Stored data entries
--- START ---

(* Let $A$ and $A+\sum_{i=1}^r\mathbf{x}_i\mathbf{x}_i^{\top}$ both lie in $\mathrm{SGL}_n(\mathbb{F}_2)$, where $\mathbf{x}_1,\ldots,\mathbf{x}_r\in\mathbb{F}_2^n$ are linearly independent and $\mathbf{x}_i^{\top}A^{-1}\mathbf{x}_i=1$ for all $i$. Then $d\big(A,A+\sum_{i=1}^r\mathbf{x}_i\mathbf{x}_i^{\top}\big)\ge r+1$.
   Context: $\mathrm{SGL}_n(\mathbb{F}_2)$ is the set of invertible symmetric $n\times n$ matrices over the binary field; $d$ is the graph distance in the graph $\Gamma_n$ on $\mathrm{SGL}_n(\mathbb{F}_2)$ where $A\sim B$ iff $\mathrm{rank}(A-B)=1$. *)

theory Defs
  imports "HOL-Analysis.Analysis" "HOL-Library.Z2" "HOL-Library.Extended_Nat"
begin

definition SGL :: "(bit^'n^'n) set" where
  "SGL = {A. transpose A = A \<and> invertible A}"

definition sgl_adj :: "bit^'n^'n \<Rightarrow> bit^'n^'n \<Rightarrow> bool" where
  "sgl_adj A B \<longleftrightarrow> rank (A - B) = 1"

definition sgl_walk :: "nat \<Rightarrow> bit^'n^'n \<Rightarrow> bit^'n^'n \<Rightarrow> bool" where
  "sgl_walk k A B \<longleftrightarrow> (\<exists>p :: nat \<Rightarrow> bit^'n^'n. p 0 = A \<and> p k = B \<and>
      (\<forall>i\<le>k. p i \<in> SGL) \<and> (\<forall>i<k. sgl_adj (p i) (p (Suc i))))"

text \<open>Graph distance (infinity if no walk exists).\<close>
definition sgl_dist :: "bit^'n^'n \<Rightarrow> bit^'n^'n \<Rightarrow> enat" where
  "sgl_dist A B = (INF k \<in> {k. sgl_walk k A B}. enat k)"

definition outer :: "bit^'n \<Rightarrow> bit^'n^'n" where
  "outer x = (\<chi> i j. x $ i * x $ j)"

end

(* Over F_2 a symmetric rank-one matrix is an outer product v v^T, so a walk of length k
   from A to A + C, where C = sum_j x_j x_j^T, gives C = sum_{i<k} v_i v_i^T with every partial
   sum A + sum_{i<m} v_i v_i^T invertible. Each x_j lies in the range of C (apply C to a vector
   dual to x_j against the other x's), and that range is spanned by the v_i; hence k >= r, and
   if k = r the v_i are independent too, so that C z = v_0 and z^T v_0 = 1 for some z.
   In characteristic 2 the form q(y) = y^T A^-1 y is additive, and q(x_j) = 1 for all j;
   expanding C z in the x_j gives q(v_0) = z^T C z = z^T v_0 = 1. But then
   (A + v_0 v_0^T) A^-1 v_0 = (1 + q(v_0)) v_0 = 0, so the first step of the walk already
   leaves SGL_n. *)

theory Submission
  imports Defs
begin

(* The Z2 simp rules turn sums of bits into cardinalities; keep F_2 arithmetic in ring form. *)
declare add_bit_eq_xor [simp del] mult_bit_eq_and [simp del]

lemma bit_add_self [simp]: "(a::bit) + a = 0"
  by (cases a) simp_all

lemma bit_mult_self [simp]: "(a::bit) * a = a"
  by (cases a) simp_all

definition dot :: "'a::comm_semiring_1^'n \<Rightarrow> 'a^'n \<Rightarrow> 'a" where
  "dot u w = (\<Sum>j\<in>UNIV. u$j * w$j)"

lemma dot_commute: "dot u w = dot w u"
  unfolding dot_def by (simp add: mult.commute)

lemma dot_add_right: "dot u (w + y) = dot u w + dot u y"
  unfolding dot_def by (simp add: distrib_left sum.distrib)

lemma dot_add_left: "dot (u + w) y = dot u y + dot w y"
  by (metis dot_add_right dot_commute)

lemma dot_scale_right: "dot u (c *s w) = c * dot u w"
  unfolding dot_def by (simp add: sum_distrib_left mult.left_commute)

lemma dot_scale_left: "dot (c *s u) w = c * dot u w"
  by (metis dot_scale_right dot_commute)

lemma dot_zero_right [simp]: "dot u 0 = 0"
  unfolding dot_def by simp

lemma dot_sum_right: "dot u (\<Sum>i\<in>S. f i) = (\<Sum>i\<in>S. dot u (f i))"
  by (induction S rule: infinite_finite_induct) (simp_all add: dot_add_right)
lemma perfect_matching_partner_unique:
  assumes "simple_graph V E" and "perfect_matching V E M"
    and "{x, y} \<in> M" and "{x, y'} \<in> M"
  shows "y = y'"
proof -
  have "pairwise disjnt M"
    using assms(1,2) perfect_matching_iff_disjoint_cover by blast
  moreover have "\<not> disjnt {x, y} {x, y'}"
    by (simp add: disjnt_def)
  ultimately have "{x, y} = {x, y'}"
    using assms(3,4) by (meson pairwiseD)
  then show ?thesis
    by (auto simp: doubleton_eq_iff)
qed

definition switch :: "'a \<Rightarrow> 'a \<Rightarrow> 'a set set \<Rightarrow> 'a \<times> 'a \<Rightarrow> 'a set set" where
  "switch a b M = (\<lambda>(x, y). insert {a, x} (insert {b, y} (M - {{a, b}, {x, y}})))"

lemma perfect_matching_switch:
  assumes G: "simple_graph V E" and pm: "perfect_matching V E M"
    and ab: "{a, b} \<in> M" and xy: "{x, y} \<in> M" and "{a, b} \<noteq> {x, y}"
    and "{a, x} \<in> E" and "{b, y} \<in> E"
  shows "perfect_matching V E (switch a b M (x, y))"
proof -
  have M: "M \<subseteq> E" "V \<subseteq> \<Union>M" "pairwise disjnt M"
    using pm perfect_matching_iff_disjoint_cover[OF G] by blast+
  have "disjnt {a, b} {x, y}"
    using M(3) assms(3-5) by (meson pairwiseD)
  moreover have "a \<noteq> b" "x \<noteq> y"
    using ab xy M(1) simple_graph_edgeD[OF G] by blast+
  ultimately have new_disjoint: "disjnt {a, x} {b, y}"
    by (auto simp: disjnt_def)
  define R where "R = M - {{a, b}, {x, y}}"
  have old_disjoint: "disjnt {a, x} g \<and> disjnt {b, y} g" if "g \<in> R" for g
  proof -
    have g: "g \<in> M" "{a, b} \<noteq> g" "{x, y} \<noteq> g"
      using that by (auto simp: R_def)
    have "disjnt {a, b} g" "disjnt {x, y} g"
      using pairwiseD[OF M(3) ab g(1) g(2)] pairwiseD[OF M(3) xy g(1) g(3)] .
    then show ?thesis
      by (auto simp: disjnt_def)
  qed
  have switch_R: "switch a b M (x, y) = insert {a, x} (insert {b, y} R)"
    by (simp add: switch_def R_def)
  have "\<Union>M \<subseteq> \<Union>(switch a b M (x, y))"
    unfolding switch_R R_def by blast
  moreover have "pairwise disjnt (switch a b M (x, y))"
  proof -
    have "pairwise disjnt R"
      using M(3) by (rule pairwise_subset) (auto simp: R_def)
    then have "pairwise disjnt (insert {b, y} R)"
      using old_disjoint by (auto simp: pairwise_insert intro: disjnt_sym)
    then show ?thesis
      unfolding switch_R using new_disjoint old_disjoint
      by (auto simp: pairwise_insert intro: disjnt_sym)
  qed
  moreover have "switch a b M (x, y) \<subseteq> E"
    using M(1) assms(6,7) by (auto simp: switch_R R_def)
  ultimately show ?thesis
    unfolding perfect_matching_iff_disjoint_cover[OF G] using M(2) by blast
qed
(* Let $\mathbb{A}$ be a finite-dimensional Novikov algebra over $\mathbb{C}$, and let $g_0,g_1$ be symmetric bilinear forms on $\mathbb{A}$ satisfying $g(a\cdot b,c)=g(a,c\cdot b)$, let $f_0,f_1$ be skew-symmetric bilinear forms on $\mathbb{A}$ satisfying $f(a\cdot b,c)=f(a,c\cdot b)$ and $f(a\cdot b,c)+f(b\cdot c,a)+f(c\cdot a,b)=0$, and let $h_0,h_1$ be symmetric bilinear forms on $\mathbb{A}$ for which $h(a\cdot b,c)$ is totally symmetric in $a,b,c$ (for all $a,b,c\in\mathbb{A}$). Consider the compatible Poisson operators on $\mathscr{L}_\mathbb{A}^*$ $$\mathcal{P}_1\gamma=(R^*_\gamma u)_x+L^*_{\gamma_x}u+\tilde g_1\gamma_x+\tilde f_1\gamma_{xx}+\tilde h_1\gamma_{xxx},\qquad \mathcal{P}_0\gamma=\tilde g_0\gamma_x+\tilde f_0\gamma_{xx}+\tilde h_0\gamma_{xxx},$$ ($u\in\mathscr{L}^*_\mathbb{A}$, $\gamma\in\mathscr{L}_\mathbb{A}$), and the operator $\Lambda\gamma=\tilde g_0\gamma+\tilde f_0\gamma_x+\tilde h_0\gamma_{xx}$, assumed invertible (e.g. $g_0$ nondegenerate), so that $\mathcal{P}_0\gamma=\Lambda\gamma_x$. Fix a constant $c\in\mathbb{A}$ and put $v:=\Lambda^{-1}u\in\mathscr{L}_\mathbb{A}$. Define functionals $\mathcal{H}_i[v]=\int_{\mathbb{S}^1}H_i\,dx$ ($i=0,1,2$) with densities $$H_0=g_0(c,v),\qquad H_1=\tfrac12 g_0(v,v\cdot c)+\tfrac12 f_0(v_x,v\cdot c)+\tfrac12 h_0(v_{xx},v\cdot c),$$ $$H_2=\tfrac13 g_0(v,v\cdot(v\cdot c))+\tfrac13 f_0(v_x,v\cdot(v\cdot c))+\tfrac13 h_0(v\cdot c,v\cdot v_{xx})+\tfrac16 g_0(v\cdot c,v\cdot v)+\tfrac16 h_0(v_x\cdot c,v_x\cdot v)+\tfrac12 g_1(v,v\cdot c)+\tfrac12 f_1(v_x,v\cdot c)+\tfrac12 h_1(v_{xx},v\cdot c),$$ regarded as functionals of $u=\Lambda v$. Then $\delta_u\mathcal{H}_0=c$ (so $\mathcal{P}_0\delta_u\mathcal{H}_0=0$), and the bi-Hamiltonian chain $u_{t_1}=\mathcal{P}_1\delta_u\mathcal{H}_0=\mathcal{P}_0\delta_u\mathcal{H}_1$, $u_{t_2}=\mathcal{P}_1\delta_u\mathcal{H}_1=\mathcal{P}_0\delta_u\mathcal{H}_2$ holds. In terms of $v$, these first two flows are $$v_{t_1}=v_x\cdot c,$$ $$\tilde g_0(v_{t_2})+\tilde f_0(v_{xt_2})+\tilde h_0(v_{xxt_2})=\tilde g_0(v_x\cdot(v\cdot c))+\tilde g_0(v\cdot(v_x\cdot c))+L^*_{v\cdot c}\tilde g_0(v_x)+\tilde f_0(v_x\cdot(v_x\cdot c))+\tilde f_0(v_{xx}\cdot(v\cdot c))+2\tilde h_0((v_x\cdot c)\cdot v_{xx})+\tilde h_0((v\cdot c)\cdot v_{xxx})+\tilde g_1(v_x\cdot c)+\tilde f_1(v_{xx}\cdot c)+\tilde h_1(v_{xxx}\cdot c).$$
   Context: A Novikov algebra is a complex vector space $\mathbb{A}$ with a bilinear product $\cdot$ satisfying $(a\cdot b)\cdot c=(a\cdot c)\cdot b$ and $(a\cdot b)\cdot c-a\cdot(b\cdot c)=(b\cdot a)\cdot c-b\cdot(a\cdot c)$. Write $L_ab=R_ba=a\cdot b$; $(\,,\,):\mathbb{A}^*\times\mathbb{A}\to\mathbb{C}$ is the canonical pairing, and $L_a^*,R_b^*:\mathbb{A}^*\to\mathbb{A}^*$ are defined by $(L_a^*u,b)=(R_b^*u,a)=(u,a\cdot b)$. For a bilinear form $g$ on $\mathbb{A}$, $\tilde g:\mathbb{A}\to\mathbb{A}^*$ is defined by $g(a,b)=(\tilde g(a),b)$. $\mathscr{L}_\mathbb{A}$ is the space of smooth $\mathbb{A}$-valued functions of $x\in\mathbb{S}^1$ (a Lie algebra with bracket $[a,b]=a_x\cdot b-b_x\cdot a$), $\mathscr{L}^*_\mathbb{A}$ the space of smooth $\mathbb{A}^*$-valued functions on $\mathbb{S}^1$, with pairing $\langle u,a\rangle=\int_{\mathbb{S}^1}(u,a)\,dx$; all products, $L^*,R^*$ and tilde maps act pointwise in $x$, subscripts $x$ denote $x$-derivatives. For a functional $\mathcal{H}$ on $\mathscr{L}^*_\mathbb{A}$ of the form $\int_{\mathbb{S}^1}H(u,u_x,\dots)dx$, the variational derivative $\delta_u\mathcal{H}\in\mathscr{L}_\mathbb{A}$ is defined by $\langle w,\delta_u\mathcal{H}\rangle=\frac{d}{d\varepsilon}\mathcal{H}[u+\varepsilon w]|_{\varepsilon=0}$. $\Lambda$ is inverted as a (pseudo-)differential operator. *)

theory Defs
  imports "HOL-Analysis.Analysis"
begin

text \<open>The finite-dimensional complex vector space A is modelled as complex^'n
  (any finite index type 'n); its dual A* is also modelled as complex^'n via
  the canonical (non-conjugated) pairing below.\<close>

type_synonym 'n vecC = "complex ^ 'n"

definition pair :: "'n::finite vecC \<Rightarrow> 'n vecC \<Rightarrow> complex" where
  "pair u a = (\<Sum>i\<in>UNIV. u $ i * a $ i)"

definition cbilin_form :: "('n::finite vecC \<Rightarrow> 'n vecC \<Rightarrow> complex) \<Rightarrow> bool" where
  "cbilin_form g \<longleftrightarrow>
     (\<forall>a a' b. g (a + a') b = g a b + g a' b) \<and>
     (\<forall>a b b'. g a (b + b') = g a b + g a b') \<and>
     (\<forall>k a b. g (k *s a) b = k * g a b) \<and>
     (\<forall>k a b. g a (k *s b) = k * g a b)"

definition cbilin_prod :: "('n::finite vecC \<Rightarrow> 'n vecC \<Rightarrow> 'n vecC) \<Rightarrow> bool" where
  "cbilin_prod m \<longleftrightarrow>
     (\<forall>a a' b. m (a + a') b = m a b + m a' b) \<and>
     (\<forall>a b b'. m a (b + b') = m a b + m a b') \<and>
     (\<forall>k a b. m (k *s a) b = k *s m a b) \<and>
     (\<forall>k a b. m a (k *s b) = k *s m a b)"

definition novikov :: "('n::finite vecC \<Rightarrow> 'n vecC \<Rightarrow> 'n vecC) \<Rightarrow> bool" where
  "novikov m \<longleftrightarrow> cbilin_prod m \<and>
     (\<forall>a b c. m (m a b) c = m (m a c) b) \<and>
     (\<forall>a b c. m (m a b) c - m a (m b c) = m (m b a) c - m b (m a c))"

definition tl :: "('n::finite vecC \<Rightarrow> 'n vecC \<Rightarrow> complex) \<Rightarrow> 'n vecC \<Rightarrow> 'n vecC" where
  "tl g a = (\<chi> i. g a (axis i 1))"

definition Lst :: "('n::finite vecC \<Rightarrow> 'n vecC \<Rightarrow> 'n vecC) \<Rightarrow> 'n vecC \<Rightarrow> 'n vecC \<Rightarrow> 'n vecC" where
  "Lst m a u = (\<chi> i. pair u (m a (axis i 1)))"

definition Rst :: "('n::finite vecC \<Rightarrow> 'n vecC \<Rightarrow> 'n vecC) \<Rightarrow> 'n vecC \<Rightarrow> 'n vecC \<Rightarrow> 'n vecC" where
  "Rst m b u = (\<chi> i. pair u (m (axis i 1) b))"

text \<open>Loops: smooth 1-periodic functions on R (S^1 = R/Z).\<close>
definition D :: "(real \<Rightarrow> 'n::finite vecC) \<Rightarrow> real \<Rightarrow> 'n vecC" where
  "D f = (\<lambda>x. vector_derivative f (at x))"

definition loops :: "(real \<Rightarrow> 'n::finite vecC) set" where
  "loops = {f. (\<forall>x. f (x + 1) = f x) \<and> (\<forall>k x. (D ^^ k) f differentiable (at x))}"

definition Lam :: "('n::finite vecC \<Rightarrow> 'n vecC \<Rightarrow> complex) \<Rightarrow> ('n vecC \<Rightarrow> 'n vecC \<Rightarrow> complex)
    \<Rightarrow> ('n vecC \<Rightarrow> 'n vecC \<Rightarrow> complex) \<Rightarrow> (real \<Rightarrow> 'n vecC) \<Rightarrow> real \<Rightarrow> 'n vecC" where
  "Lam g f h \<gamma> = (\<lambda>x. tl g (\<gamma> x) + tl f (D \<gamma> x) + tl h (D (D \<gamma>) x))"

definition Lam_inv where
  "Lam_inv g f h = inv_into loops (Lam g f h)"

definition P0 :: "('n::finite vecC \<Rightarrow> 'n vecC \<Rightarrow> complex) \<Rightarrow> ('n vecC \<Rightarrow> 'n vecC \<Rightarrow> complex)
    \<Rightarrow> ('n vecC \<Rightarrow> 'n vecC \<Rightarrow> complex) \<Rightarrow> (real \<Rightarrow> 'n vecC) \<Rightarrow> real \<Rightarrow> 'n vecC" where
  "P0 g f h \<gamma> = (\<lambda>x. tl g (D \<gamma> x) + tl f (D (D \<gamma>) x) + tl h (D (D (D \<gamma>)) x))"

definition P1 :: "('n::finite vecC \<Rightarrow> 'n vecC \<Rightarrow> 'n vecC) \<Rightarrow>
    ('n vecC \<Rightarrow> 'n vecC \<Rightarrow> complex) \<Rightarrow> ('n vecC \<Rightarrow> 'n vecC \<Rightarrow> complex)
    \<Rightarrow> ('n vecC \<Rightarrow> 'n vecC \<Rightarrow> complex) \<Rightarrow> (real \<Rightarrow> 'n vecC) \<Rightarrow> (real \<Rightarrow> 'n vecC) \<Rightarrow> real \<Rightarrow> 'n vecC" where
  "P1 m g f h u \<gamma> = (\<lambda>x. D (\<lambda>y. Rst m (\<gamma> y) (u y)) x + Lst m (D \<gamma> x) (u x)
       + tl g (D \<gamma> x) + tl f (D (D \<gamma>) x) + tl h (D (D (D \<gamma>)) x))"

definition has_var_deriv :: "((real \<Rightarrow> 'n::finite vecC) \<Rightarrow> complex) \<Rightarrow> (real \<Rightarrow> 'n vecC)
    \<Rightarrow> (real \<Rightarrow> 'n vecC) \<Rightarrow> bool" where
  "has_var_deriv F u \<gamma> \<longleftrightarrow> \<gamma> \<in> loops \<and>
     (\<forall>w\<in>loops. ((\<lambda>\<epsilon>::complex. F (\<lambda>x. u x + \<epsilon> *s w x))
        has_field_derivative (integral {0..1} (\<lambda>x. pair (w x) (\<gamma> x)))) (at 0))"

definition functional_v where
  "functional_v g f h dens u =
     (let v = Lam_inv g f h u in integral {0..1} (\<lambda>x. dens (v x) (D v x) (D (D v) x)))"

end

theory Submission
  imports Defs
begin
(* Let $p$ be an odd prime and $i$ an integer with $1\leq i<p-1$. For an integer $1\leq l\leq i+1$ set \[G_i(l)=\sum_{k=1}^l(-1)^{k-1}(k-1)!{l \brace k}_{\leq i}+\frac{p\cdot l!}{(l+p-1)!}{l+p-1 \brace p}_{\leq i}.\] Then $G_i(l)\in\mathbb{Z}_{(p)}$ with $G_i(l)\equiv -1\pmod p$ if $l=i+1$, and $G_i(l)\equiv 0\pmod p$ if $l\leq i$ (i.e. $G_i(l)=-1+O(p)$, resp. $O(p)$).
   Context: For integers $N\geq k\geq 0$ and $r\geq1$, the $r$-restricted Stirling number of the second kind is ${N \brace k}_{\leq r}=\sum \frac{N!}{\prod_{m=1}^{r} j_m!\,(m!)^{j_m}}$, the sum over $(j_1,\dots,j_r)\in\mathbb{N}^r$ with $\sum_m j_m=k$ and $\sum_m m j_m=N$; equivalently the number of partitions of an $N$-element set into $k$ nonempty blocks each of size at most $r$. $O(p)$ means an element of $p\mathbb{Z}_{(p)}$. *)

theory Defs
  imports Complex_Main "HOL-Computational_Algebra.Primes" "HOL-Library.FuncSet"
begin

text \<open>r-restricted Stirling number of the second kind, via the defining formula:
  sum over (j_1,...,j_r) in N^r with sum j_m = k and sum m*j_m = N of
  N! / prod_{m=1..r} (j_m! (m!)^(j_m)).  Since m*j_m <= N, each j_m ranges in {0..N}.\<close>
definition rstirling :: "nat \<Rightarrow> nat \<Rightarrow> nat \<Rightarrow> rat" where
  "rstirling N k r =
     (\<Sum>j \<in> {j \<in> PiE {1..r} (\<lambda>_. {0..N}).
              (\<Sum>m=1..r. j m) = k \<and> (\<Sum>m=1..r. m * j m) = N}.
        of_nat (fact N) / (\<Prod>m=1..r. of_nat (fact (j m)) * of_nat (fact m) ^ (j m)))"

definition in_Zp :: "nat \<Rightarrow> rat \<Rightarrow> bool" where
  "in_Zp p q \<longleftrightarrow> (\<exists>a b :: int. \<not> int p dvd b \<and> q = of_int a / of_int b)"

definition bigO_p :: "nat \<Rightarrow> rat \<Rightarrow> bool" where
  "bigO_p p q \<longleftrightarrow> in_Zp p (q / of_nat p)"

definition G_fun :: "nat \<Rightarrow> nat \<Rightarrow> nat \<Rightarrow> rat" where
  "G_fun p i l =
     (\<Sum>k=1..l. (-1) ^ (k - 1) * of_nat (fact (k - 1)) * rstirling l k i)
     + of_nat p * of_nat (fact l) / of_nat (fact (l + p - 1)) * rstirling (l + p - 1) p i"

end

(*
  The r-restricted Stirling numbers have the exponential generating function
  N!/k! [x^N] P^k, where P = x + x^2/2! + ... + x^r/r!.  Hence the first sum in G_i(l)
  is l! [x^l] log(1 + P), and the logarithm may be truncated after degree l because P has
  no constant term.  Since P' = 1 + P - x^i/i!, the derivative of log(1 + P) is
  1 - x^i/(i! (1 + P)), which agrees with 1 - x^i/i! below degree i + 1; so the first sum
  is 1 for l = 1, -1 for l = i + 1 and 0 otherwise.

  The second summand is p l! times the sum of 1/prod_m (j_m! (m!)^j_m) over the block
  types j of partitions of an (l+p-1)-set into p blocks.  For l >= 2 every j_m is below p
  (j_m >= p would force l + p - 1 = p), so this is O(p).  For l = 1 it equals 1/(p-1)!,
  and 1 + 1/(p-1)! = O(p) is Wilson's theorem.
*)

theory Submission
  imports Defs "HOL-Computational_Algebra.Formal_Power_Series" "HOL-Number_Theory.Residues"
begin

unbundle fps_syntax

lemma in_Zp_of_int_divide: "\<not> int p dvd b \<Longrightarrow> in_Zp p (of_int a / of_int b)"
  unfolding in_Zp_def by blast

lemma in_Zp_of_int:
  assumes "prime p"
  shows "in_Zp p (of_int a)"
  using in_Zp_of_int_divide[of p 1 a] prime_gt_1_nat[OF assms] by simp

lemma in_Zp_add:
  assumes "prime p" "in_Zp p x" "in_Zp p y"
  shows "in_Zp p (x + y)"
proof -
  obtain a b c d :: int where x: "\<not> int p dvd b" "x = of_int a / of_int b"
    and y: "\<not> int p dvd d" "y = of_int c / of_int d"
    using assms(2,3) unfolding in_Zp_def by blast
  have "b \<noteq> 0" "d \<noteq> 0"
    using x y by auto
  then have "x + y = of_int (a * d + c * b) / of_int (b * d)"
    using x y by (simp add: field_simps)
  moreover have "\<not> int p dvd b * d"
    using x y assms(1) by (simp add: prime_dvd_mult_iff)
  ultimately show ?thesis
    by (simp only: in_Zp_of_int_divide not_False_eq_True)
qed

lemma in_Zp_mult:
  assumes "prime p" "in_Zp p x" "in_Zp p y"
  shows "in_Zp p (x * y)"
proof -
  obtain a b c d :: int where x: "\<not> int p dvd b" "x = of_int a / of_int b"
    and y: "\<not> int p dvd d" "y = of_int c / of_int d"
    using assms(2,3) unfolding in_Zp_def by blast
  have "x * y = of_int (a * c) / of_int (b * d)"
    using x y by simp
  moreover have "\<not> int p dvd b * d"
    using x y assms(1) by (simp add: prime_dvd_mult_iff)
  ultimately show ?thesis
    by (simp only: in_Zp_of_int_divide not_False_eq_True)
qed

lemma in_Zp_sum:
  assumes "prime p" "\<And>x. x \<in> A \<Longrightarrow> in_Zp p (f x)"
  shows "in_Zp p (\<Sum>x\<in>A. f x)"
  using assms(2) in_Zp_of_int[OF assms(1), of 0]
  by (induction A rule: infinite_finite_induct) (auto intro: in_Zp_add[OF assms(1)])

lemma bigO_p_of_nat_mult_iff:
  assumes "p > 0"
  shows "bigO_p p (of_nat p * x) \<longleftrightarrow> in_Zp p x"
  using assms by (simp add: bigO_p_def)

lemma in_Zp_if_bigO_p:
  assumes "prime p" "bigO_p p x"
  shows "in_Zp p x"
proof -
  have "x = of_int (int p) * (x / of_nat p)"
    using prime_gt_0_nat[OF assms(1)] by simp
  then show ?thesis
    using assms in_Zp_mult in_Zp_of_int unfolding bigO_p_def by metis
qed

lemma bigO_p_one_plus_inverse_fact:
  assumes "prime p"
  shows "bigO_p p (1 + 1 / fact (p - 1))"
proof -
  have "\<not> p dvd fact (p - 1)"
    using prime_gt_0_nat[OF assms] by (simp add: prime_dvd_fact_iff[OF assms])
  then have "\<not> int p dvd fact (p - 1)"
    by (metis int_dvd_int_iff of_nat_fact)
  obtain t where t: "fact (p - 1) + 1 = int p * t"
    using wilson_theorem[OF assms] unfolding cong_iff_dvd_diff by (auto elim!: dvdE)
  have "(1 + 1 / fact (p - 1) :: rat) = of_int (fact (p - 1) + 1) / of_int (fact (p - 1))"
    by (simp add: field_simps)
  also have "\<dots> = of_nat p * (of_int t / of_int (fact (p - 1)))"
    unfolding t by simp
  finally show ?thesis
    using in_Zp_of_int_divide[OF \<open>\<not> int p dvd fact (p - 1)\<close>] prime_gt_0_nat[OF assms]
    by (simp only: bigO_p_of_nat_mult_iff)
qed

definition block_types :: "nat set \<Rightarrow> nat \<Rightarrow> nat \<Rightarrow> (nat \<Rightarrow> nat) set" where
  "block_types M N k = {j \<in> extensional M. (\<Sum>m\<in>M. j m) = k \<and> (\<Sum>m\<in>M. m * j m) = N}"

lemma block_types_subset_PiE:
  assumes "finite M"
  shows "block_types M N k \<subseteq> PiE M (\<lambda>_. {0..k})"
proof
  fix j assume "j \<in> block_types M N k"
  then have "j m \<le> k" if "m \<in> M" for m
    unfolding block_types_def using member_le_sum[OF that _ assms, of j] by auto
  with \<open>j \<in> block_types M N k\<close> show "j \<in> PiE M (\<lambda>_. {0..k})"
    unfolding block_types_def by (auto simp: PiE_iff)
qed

--- END ---

Task → Copy whichever lines of the records above contain the word "also".

Answer space →
  (any finite index type 'n); its dual A* is also modelled as complex^'n via
  also have "\<dots> = of_nat p * (of_int t / of_int (fact (p - 1)))"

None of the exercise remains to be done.